**WORK TASK**
Each line of the entries below that holds "thesis" is needed, copied in full.

**DATA TO EXAMINE**
text \<open>T: the linear antiautomorphism restricting to the identity on V (reversion).\<close>
definition cl_transpose :: "cl \<Rightarrow> cl" where
  "cl_transpose a = (\<lambda>I. (-1) ^ (card I * (card I - 1) div 2) * a I)"

definition tau :: "cl \<Rightarrow> complex" where "tau a = a {}"

definition real_structure :: "nat \<Rightarrow> (nat \<Rightarrow> real) \<Rightarrow> (cl \<Rightarrow> cl) \<Rightarrow> bool" where
  "real_structure n eps \<sigma> \<longleftrightarrow>
     (\<forall>a\<in>CL n. \<sigma> a \<in> CL n) \<and>
     (\<forall>a\<in>CL n. \<sigma> (\<sigma> a) = a) \<and>
     (\<forall>a\<in>CL n. \<forall>b\<in>CL n. \<sigma> (cl_add a b) = cl_add (\<sigma> a) (\<sigma> b)) \<and>
     (\<forall>c. \<forall>a\<in>CL n. \<sigma> (cl_scale c a) = cl_scale (cnj c) (\<sigma> a)) \<and>
     (\<forall>a\<in>CL n. \<forall>b\<in>CL n. \<sigma> (cl_mul n eps a b) = cl_mul n eps (\<sigma> a) (\<sigma> b)) \<and>
     \<sigma> cl_one = cl_one \<and>
     (\<forall>v\<in>VC n. \<sigma> v \<in> VC n)"

definition V_sigma :: "nat \<Rightarrow> (cl \<Rightarrow> cl) \<Rightarrow> cl set" where
  "V_sigma n \<sigma> = {v \<in> VC n. \<sigma> v = v}"

definition Q_sigma :: "nat \<Rightarrow> (nat \<Rightarrow> real) \<Rightarrow> (cl \<Rightarrow> cl) \<Rightarrow> cl \<Rightarrow> complex" where
  "Q_sigma n eps \<sigma> v = clB n eps (\<sigma> v) v"

definition sprod :: "nat \<Rightarrow> (nat \<Rightarrow> real) \<Rightarrow> (cl \<Rightarrow> cl) \<Rightarrow> cl \<Rightarrow> cl \<Rightarrow> complex" where
  "sprod n eps \<sigma> a b = tau (cl_mul n eps (\<sigma> (cl_transpose a)) b)"

definition hermitian_form :: "nat \<Rightarrow> (cl \<Rightarrow> cl \<Rightarrow> complex) \<Rightarrow> bool" where
  "hermitian_form n h \<longleftrightarrow>
     (\<forall>a\<in>CL n. \<forall>b\<in>CL n. \<forall>c\<in>CL n.
        h (cl_add a b) c = h a c + h b c \<and> h a (cl_add b c) = h a b + h a c) \<and>
     (\<forall>z. \<forall>a\<in>CL n. \<forall>b\<in>CL n.
        h (cl_scale z a) b = cnj z * h a b \<and> h a (cl_scale z b) = z * h a b) \<and>
     (\<forall>a\<in>CL n. \<forall>b\<in>CL n. h b a = cnj (h a b))"

definition nondegenerate_form :: "nat \<Rightarrow> (cl \<Rightarrow> cl \<Rightarrow> complex) \<Rightarrow> bool" where
  "nondegenerate_form n h \<longleftrightarrow> (\<forall>a\<in>CL n. (\<forall>b\<in>CL n. h a b = 0) \<longrightarrow> a = cl_zero)"

definition cl_prod :: "nat \<Rightarrow> (nat \<Rightarrow> real) \<Rightarrow> cl list \<Rightarrow> cl" where
  "cl_prod n eps ws = foldr (cl_mul n eps) ws cl_one"

definition blade_of :: "nat \<Rightarrow> (nat \<Rightarrow> real) \<Rightarrow> (nat \<Rightarrow> cl) \<Rightarrow> nat set \<Rightarrow> cl" where
  "blade_of n eps e I = cl_prod n eps (map e (sorted_list_of_set I))"

definition pon_basis_Vsigma :: "nat \<Rightarrow> (nat \<Rightarrow> real) \<Rightarrow> (cl \<Rightarrow> cl) \<Rightarrow> (nat \<Rightarrow> cl) \<Rightarrow> bool" where
  "pon_basis_Vsigma n eps \<sigma> e \<longleftrightarrow>
     (\<forall>i<n. e i \<in> V_sigma n \<sigma>) \<and>
     (\<forall>c :: nat \<Rightarrow> real. cl_sum (\<lambda>i. cl_scale (complex_of_real (c i)) (e i)) {..<n} = cl_zero
         \<longrightarrow> (\<forall>i<n. c i = 0)) \<and>
     (\<forall>v\<in>V_sigma n \<sigma>. \<exists>c :: nat \<Rightarrow> real.
         v = cl_sum (\<lambda>i. cl_scale (complex_of_real (c i)) (e i)) {..<n}) \<and>
     (\<forall>i<n. \<forall>j<n. i \<noteq> j \<longrightarrow> clB n eps (e i) (e j) = 0) \<and>
     (\<forall>i<n. clQ n eps (e i) = 1 \<or> clQ n eps (e i) = -1)"

definition pon_basis_CL :: "nat \<Rightarrow> (cl \<Rightarrow> cl \<Rightarrow> complex) \<Rightarrow> (nat set \<Rightarrow> cl) \<Rightarrow> bool" where
  "pon_basis_CL n h f \<longleftrightarrow>
     (\<forall>I\<in>Pow {..<n}. f I \<in> CL n) \<and>
     (\<forall>c :: nat set \<Rightarrow> complex. cl_sum (\<lambda>I. cl_scale (c I) (f I)) (Pow {..<n}) = cl_zero
         \<longrightarrow> (\<forall>I\<in>Pow {..<n}. c I = 0)) \<and>
     (\<forall>a\<in>CL n. \<exists>c :: nat set \<Rightarrow> complex. a = cl_sum (\<lambda>I. cl_scale (c I) (f I)) (Pow {..<n})) \<and>
     (\<forall>I\<in>Pow {..<n}. \<forall>J\<in>Pow {..<n}. I \<noteq> J \<longrightarrow> h (f I) (f J) = 0) \<and>
     (\<forall>I\<in>Pow {..<n}. h (f I) (f I) = 1 \<or> h (f I) (f I) = -1)"

end

theory Submission
  imports Defs "HOL-Library.Function_Algebras"
begin

(*
  In the coordinate model, e_I e_J = s(I,J) e_(I \<triangle> J) with an explicit sign s.  A cocycle
  identity for s gives associativity, and counting inversions shows that T reverses products.
  Both facts needed for hermitian symmetry, \<sigma>T = T\<sigma> and \<tau>(\<sigma> a) = conj(\<tau> a), reduce to basis
  blades.  For K \<noteq> {}, \<sigma>(e_K) is a product of the pairwise anticommuting \<sigma>(e_i), whose squares
  are nonzero scalars; since n is even, some \<sigma>(e_j) anticommutes with this product, and
  conjugating by it shows that its trace vanishes.  The same argument applied to a
  pseudo-orthonormal basis (e_i) of V_\<sigma> makes the blades e_I pairwise orthogonal, and since
  \<sigma>((w_1\<cdots>w_k)^T) = w_k\<cdots>w_1 for w_i \<in> V_\<sigma>, their norms are products of the Q(e_i) = \<plusminus>1.
  Orthogonal vectors of nonzero norm are independent, and there are 2^n of them, so they form
  a basis.  Nondegeneracy comes from \<tau>(ab) = \<Sum>_I s(I,I) a_I b_I.
*)

text \<open>A constant for the symmetric difference, so that the simplifier treats it as the group
  operation on index sets instead of unfolding it.\<close>
definition symdiff :: "nat set \<Rightarrow> nat set \<Rightarrow> nat set" where
  "symdiff I J = sym_diff I J"

lemma symdiff_eq_iff: "symdiff I J = K \<longleftrightarrow> J = symdiff I K"
  unfolding symdiff_def by blast

lemma symdiff_self [simp]: "symdiff I I = {}"
  unfolding symdiff_def by blast

lemma symdiff_empty [simp]: "symdiff I {} = I" "symdiff {} I = I"
  unfolding symdiff_def by auto

lemma symdiff_cancel_left [simp]: "symdiff I (symdiff I K) = K"
  unfolding symdiff_def by blast

lemma symdiff_commute: "symdiff I J = symdiff J I"
  unfolding symdiff_def by blast
(* Fix an integer $k\ge2$, and let $\alpha=1+\frac{3}{2k}$, $\beta=\frac{1}{5k}$. Let $A\cup B$ be an instance of $(n,n^\alpha,n^\beta)$-Nice Set Cover (with $n^{1/k}$ an integer and every vertex of $B$ having a neighbor in $A$) with optimum $OPT_{NSC}$. Build a digraph $G$ with vertex layers $V_1,\dots,V_{k+2}$ as follows: $V_1\cup\dots\cup V_{k+1}$ is the generalized butterfly of width $n$ and diameter $k$, i.e. $V_i=[n^{1/k}]^k\times\{i\}$ for $i\in[k+1]$ and there is an edge from $(u,i)$ to $(v,i+1)$ iff $u_j=v_j$ for all $j\ne i$; the layer $V_{k+1}$ is identified (by an arbitrary bijection) with $A$; $V_{k+2}=B$; and each edge of the set-cover instance is directed from $A=V_{k+1}$ to $B=V_{k+2}$. Then $S_k(G)=\Theta(OPT_{NSC}\cdot n^{2/k})$, where the hidden constants depend only on $k$ (for $n$ sufficiently large).
   Context: An $(a',b',c')$-Nice Set Cover instance is a bipartite graph with parts $A$, $B$, $|A|=a'$, $|B|=b'$, $B$ partitioned into blocks $B_1,\dots,B_{a'}$ of size $b'/a'$, such that any $v\in A$ adjacent to some vertex of $B_i$ is adjacent to all of $B_i$, and each $v\in A$ is adjacent to at most $c'$ blocks; $OPT_{NSC}$ is the minimum number of vertices of $A$ covering $B$. For a digraph $G$, a $k$-TC-spanner is a digraph $H$ on the same vertices whose edges lie in the transitive closure of $G$ such that $d_H(u,v)\le k$ whenever $v$ is reachable from $u$ in $G$; $S_k(G)$ is the minimum number of edges of a $k$-TC-spanner. *)

theory Defs
  imports Complex_Main
begin

definition nice_set_cover ::
  "nat set \<Rightarrow> nat set \<Rightarrow> (nat \<times> nat) set \<Rightarrow> real \<Rightarrow> real \<Rightarrow> real \<Rightarrow> bool" where
  "nice_set_cover A B E a' b' c' \<longleftrightarrow>
     finite A \<and> finite B \<and> real (card A) = a' \<and> real (card B) = b' \<and> E \<subseteq> A \<times> B \<and>
     (\<exists>Bl :: nat \<Rightarrow> nat set.
        (\<forall>i<card A. Bl i \<subseteq> B \<and> real (card (Bl i)) = b' / a') \<and>
        (\<forall>i<card A. \<forall>j<card A. i \<noteq> j \<longrightarrow> Bl i \<inter> Bl j = {}) \<and>
        (\<Union>i<card A. Bl i) = B \<and>
        (\<forall>v\<in>A. \<forall>i<card A. (\<exists>b\<in>Bl i. (v, b) \<in> E) \<longrightarrow> (\<forall>b\<in>Bl i. (v, b) \<in> E)) \<and>
        (\<forall>v\<in>A. real (card {i. i < card A \<and> (\<exists>b\<in>Bl i. (v, b) \<in> E)}) \<le> c'))"

definition OPT_NSC :: "nat set \<Rightarrow> nat set \<Rightarrow> (nat \<times> nat) set \<Rightarrow> nat" where
  "OPT_NSC A B E = (LEAST t. \<exists>C. C \<subseteq> A \<and> (\<forall>b\<in>B. \<exists>a\<in>C. (a, b) \<in> E) \<and> card C = t)"

definition is_tc_spanner :: "('v \<times> 'v) set \<Rightarrow> nat \<Rightarrow> ('v \<times> 'v) set \<Rightarrow> bool" where
  "is_tc_spanner G k H \<longleftrightarrow> H \<subseteq> G\<^sup>+ \<and> (\<forall>(u, v)\<in>G\<^sup>*. \<exists>j\<le>k. (u, v) \<in> H ^^ j)"

definition S_k :: "nat \<Rightarrow> ('v \<times> 'v) set \<Rightarrow> nat" where
  "S_k k G = (LEAST t. \<exists>H. finite H \<and> is_tc_spanner G k H \<and> card H = t)"

text \<open>Vertices: Lay u i is (u,i) with u \<in> [m]^k (coordinates 0..<m, list positions 0..<k standing
 for coordinates 1..k) and layer i \<in> {1..k+1}; BV b is the vertex b of B (layer k+2).\<close>
datatype bvert = Lay "nat list" nat | BV nat

definition coords :: "nat \<Rightarrow> nat \<Rightarrow> nat list set" where
  "coords m k = {u. length u = k \<and> set u \<subseteq> {..<m}}"

text \<open>f identifies layer V_{k+1} (i.e. coords m k) with A; E is the set-cover edge relation.\<close>
definition nsc_butterfly_graph ::
  "nat \<Rightarrow> nat \<Rightarrow> (nat list \<Rightarrow> nat) \<Rightarrow> nat set \<Rightarrow> (nat \<times> nat) set \<Rightarrow> (bvert \<times> bvert) set" where
  "nsc_butterfly_graph m k f B E =
     {(Lay u i, Lay v (Suc i)) | u v i. u \<in> coords m k \<and> v \<in> coords m k \<and> 1 \<le> i \<and> i \<le> k \<and>
        (\<forall>j<k. j \<noteq> i - 1 \<longrightarrow> u ! j = v ! j)}
     \<union> {(Lay u (Suc k), BV b) | u b. u \<in> coords m k \<and> b \<in> B \<and> (f u, b) \<in> E}"

end

theory Submission
  imports Defs
begin

(* Upper bound: add to G, for an optimal cover C, all "shortcut" edges from layer k-1 to the
   vertices of layer k+1 mapped into C (|C| m^2 edges).  G itself has at most m^k k m + |E| edges,
   and both m^k \<le> OPT m^(1/5) and |E| \<le> m^k m^(1/5) m^(3/2) are O(OPT m^2).

   Lower bound: for a k-TC-spanner H and a vertex x of layer 1, the vertices of layer k+1 that H
   reaches from x in fewer than k steps, completed block by block, form a set cover.  Summing the
   resulting inequality over layer 1 and double counting the edges of H (an edge skipping a
   layer serves at most m^(k-2) such pairs; an edge into B is reached from at most m^(k-1)
   vertices of layer 1) gives OPT m^2 \<le> 2|H|. *)

lemma relpow_mono_set:
  fixes R S :: "('a \<times> 'a) set"
  assumes "R \<subseteq> S"
  shows "R ^^ n \<subseteq> S ^^ n"
proof (induction n)
  case (Suc n) then show ?case using relcomp_mono[OF Suc assms] by simp
qed simp

lemma relpow_of_trancl_subset:
  assumes "H \<subseteq> G\<^sup>+" and "(p, q) \<in> H ^^ j"
  shows "(p, q) \<in> G\<^sup>*"
proof -
  have "(p, q) \<in> (G\<^sup>+) ^^ j" using relpow_mono_set[OF assms(1)] assms(2) by blast
  then have "(p, q) \<in> (G\<^sup>+)\<^sup>*" by (rule relpow_imp_rtrancl)
  then show ?thesis by simp
qed

lemma OPT_NSC_le:
  assumes "C \<subseteq> A" and "\<forall>b\<in>B. \<exists>a\<in>C. (a, b) \<in> E"
  shows "OPT_NSC A B E \<le> card C"
  unfolding OPT_NSC_def using assms by (auto intro: Least_le)

lemma OPT_NSC_attained:
  assumes "\<forall>b\<in>B. \<exists>a\<in>A. (a, b) \<in> E"
  obtains C where "C \<subseteq> A" "\<forall>b\<in>B. \<exists>a\<in>C. (a, b) \<in> E" "card C = OPT_NSC A B E"
proof -
  let ?P = "\<lambda>t. \<exists>C. C \<subseteq> A \<and> (\<forall>b\<in>B. \<exists>a\<in>C. (a, b) \<in> E) \<and> card C = t"
  have "?P (card A)" using assms by blast
  then have "?P (Least ?P)" by (rule LeastI)
  then show thesis using that unfolding OPT_NSC_def by blast
qed

lemma S_k_le:
  assumes "finite H" and "is_tc_spanner G k H"
  shows "S_k k G \<le> card H"
  unfolding S_k_def using assms by (auto intro: Least_le)

lemma S_k_attained:
  assumes "finite H" and "is_tc_spanner G k H"
  obtains H0 where "finite H0" "is_tc_spanner G k H0" "card H0 = S_k k G"
proof -
  let ?P = "\<lambda>t. \<exists>H. finite H \<and> is_tc_spanner G k H \<and> card H = t"
  have "?P (card H)" using assms by blast
  then have "?P (Least ?P)" by (rule LeastI)
  then show thesis using that unfolding S_k_def by blast
qed

locale block_cover =
  fixes A B :: "nat set" and E :: "(nat \<times> nat) set"
    and Bl :: "nat \<Rightarrow> nat set" and N s :: nat
  assumes edges_sub: "E \<subseteq> A \<times> B"
    and finite_A: "finite A"
    and block_sub: "i < N \<Longrightarrow> Bl i \<subseteq> B"
    and block_card: "i < N \<Longrightarrow> card (Bl i) = s"
    and block_size_pos: "s > 0"
    and blocks_disjoint: "i < N \<Longrightarrow> j < N \<Longrightarrow> i \<noteq> j \<Longrightarrow> Bl i \<inter> Bl j = {}"
    and blocks_cover: "(\<Union>i<N. Bl i) = B"
    and all_or_nothing: "(a, b) \<in> E \<Longrightarrow> i < N \<Longrightarrow> b \<in> Bl i \<Longrightarrow> b' \<in> Bl i \<Longrightarrow> (a, b') \<in> E"
    and every_covered: "\<forall>b\<in>B. \<exists>a\<in>A. (a, b) \<in> E"
begin

definition blocks_of :: "nat \<Rightarrow> nat set" where
  "blocks_of a = {i. i < N \<and> (\<exists>b\<in>Bl i. (a, b) \<in> E)}"

lemma finite_block: "i < N \<Longrightarrow> finite (Bl i)"
  using block_card block_size_pos by (metis card.infinite less_not_refl2)

lemma finite_B: "finite B"
  using blocks_cover finite_block by (metis finite_UN_I finite_lessThan lessThan_iff)

lemma finite_E: "finite E"
  using edges_sub finite_A finite_B by (meson finite_SigmaI finite_subset)

lemma block_nonempty: "i < N \<Longrightarrow> \<exists>b. b \<in> Bl i"
  using block_card block_size_pos by (metis card.empty ex_in_conv less_not_refl2)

**SOLUTION**
  then show ?thesis by simp
  then show thesis using that unfolding OPT_NSC_def by blast
  then show thesis using that unfolding S_k_def by blast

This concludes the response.